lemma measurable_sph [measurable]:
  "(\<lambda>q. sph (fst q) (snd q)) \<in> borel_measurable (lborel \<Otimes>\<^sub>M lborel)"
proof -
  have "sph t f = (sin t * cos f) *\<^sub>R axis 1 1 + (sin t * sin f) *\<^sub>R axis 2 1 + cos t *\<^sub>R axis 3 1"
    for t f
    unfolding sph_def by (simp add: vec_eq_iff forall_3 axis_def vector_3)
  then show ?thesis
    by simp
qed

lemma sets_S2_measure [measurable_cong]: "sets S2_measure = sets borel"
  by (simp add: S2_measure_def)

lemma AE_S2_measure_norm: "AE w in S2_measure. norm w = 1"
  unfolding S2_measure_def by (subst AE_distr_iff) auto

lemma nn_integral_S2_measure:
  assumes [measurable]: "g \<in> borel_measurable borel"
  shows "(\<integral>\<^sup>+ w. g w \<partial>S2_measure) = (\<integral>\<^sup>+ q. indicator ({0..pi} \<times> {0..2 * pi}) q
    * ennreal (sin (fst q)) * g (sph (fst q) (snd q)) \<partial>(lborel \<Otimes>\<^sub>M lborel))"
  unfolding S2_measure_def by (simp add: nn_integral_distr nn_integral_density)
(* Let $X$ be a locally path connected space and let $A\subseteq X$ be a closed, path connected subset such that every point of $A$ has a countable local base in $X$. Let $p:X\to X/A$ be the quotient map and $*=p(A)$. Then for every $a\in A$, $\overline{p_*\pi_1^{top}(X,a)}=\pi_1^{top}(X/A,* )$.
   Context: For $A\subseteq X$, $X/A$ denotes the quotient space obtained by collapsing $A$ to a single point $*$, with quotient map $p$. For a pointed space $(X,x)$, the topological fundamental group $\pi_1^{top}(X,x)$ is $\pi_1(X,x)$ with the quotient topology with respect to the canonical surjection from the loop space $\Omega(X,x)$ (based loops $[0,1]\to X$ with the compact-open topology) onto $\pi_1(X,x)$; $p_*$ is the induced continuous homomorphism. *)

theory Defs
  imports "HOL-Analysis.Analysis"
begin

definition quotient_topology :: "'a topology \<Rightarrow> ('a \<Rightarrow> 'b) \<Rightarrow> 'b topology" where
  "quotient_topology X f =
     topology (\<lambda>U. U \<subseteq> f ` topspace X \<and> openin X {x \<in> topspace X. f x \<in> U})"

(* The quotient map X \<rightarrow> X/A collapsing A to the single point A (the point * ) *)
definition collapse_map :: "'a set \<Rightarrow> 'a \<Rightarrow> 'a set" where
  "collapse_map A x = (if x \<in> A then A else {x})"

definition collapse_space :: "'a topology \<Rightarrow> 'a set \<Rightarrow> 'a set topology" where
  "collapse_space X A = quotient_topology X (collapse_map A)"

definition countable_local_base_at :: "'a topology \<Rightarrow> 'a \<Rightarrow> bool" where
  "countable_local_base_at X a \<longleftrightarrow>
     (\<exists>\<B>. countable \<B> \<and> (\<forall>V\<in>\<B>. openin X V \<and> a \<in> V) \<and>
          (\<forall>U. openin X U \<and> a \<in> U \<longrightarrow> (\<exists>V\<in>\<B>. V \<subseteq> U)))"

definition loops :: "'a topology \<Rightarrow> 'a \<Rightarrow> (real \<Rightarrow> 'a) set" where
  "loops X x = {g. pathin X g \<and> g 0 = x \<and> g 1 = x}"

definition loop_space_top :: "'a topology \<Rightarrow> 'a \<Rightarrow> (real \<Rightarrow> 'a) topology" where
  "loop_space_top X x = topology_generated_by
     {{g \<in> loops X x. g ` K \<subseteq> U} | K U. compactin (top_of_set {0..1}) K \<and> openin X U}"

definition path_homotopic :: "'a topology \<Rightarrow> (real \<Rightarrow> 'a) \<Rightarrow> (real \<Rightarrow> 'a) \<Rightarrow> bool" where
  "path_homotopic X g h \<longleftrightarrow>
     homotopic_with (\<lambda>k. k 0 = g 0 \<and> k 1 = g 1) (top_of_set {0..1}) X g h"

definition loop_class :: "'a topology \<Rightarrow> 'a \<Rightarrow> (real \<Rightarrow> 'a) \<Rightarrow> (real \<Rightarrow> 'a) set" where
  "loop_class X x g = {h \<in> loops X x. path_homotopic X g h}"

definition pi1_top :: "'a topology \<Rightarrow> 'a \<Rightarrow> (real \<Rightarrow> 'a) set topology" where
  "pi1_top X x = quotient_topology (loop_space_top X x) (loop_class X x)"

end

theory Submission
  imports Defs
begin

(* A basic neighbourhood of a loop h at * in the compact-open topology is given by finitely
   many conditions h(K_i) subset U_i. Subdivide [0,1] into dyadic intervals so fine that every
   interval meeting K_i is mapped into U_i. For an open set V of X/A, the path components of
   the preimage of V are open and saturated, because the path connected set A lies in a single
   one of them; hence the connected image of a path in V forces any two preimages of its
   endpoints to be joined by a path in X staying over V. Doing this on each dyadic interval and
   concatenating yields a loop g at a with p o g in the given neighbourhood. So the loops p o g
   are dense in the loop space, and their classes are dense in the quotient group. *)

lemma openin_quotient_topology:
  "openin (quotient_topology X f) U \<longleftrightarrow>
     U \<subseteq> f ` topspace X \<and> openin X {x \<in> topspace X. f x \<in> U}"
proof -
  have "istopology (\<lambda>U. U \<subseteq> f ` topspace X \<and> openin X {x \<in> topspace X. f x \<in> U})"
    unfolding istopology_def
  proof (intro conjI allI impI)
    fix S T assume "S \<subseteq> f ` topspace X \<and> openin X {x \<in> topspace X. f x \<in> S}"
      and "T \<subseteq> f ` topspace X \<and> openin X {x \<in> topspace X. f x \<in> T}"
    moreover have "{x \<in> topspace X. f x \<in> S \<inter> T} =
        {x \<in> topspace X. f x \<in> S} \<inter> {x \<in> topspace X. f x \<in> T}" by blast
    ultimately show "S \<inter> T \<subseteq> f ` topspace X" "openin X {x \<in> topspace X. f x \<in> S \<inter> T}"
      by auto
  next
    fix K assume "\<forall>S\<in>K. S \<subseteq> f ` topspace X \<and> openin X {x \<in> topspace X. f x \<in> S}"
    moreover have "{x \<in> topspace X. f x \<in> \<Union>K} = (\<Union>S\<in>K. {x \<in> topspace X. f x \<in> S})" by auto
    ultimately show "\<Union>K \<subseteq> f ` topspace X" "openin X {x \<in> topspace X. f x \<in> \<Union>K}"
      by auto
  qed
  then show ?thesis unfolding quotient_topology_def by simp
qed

▶ WHAT TO PRODUCE
Go through the data and gather every line that holds "into".

▶ TASK OUTPUT
   many conditions h(K_i) subset U_i. Subdivide [0,1] into dyadic intervals so fine that every
   interval meeting K_i is mapped into U_i. For an open set V of X/A, the path components of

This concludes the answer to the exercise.